-- EXERCISE OBJECTIVE --
The response must contain each line of the material that holds "define".

ENTRIES SHOWN: Begin

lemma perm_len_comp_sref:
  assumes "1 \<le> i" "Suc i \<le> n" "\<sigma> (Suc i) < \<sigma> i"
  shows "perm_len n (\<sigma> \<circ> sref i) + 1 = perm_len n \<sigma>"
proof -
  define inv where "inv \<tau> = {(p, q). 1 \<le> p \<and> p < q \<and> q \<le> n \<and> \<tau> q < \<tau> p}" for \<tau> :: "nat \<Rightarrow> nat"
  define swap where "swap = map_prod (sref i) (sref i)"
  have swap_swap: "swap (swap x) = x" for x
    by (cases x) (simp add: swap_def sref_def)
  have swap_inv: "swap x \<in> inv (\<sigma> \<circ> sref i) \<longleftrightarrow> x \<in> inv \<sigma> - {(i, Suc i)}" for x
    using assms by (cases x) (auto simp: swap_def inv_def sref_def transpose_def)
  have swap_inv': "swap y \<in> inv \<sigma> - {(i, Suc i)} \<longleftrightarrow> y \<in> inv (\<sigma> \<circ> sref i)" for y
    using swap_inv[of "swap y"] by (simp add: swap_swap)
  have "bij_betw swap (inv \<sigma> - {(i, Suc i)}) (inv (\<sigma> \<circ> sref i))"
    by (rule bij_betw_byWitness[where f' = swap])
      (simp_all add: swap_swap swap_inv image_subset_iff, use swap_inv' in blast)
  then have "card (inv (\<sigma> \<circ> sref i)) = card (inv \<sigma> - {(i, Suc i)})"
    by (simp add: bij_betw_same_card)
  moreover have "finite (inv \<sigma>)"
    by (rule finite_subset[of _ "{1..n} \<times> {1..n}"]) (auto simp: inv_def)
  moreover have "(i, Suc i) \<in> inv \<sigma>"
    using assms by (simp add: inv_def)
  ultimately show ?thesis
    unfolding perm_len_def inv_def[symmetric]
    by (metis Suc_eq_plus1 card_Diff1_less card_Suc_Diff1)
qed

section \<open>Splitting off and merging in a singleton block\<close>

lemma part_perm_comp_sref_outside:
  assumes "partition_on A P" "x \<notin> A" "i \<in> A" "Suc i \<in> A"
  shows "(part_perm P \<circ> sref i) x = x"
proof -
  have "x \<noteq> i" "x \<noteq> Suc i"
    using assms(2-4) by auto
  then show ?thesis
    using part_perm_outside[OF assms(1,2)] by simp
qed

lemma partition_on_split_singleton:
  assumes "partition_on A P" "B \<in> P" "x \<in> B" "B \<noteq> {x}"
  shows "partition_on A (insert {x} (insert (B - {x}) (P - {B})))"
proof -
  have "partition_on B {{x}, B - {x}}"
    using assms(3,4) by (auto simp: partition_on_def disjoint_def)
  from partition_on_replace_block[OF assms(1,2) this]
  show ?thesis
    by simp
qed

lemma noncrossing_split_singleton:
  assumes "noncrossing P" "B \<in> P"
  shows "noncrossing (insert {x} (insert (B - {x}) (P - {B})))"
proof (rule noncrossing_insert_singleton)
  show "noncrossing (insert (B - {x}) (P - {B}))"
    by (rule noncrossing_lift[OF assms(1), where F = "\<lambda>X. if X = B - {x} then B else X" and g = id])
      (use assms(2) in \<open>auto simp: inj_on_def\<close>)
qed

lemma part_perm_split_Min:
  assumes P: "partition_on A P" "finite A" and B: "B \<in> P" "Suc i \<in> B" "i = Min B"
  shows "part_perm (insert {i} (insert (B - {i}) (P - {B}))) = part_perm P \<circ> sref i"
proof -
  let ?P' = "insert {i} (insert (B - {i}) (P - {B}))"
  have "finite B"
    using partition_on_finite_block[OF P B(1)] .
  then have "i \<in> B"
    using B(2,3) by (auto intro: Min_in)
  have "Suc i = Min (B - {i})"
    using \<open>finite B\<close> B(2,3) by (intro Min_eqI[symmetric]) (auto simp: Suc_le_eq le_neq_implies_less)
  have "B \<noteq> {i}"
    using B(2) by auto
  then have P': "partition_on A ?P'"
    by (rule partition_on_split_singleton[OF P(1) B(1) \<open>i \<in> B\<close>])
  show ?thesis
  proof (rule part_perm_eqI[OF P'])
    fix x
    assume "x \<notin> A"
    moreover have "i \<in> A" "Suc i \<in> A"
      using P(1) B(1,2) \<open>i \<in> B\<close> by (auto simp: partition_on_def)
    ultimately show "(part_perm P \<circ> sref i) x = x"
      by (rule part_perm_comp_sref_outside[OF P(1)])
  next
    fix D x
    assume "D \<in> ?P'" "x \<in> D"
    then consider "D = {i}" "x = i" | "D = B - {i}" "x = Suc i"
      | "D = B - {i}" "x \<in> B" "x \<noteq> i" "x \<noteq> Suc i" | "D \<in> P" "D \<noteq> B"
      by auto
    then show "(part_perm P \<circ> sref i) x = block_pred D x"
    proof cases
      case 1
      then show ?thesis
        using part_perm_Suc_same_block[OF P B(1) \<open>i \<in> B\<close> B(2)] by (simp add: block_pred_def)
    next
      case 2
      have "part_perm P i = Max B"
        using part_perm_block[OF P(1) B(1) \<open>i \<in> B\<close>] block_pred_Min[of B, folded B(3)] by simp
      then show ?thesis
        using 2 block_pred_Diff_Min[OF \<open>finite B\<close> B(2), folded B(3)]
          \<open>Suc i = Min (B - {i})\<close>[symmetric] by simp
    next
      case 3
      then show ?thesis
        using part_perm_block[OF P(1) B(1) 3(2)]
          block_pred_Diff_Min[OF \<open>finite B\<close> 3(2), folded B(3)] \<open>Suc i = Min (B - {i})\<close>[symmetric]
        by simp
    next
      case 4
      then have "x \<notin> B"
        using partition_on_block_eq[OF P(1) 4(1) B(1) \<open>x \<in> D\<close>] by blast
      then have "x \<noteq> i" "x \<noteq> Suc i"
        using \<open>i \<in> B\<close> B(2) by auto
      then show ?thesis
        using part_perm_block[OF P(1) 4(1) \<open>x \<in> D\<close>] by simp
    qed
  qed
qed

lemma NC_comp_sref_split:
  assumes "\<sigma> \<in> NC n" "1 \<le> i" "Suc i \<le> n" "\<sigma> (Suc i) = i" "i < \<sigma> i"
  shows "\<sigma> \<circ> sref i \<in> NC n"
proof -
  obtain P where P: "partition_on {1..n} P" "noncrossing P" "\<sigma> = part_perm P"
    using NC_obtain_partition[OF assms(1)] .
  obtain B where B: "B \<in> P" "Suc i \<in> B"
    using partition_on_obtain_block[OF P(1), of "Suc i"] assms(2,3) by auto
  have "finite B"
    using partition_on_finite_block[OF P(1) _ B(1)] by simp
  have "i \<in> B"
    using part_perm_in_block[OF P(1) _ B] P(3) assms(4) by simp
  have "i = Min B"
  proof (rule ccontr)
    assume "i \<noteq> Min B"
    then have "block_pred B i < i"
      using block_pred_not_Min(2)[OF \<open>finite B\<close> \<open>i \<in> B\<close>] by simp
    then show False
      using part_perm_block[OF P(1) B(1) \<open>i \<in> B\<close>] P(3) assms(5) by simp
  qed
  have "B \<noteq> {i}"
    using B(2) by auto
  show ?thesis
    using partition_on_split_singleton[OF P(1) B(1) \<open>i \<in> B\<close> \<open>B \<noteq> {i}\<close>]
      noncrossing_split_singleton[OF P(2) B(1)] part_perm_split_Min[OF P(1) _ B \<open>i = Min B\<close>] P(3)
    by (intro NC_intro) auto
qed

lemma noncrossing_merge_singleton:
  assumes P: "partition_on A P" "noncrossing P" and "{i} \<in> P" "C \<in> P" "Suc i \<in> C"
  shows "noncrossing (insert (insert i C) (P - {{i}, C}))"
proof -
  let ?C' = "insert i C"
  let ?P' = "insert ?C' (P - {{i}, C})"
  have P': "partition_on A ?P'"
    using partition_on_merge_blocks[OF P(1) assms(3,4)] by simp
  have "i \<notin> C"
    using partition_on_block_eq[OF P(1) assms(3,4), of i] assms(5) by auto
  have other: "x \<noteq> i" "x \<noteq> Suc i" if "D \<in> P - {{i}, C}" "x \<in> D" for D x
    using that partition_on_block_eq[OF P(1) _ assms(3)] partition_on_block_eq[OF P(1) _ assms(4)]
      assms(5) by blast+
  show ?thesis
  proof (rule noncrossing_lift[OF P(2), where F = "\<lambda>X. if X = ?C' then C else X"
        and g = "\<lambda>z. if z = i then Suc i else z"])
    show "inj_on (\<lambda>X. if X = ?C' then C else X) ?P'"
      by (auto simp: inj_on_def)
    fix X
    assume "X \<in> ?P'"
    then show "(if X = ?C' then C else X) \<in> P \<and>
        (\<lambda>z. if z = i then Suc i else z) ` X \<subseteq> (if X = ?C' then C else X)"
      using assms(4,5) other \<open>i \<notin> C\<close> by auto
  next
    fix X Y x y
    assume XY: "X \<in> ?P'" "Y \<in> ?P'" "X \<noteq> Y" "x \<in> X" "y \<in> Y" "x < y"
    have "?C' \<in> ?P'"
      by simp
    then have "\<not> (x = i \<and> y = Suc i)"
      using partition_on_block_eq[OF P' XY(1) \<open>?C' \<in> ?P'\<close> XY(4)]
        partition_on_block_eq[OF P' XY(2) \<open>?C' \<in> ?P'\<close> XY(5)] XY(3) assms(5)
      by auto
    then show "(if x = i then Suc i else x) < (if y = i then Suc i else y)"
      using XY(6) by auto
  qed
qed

ENTRIES SHOWN: End

-- RESPONSE --
  define inv where "inv \<tau> = {(p, q). 1 \<le> p \<and> p < q \<and> q \<le> n \<and> \<tau> q < \<tau> p}" for \<tau> :: "nat \<Rightarrow> nat"
  define swap where "swap = map_prod (sref i) (sref i)"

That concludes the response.